(Task data)

theorem proposition3:
  fixes p lam :: real and e :: "nat \<Rightarrow> 'e::banach"
    and n :: nat and X :: "nat \<Rightarrow> 'a::banach set"
  assumes "1 < p" and "0 < lam"
    and "schauder_basis e" and "normalized_basis e" and "one_unconditional e"
    and "p_convex_one p e"
    and "\<forall>j<n. subspace (X j) \<and> closed (X j)"
    and "\<forall>j<n. HIC lam p (X j) dist"
  shows "\<forall>\<epsilon>>0. HIC (lam + \<epsilon>) p (sum_space n X) (sum_dist e n)"
proof (intro allI impI)
  fix \<epsilon> :: real assume "0 < \<epsilon>"
  then have \<delta>: "0 < \<epsilon> / lam" and scale: "lam + \<epsilon> = lam * (1 + \<epsilon> / lam)"
    using assms(2) by (simp_all add: field_simps)
  have p: "0 < p" and lam: "0 \<le> lam" using assms(1,2) by simp_all
  show "HIC (lam + \<epsilon>) p (sum_space n X) (sum_dist e n)"
    unfolding HIC_def scale
    using sum_space_interlaced_bound[OF assms(5,4,6) p lam assms(8) \<delta>] by blast
qed

end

(End Task data)

### [What the task asks]
Repeat all the records. Match each line exactly.

### [Result of the exercise]
theorem proposition3:
  fixes p lam :: real and e :: "nat \<Rightarrow> 'e::banach"
    and n :: nat and X :: "nat \<Rightarrow> 'a::banach set"
  assumes "1 < p" and "0 < lam"
    and "schauder_basis e" and "normalized_basis e" and "one_unconditional e"
    and "p_convex_one p e"
    and "\<forall>j<n. subspace (X j) \<and> closed (X j)"
    and "\<forall>j<n. HIC lam p (X j) dist"
  shows "\<forall>\<epsilon>>0. HIC (lam + \<epsilon>) p (sum_space n X) (sum_dist e n)"
proof (intro allI impI)
  fix \<epsilon> :: real assume "0 < \<epsilon>"
  then have \<delta>: "0 < \<epsilon> / lam" and scale: "lam + \<epsilon> = lam * (1 + \<epsilon> / lam)"
    using assms(2) by (simp_all add: field_simps)
  have p: "0 < p" and lam: "0 \<le> lam" using assms(1,2) by simp_all
  show "HIC (lam + \<epsilon>) p (sum_space n X) (sum_dist e n)"
    unfolding HIC_def scale
    using sum_space_interlaced_bound[OF assms(5,4,6) p lam assms(8) \<delta>] by blast
qed

end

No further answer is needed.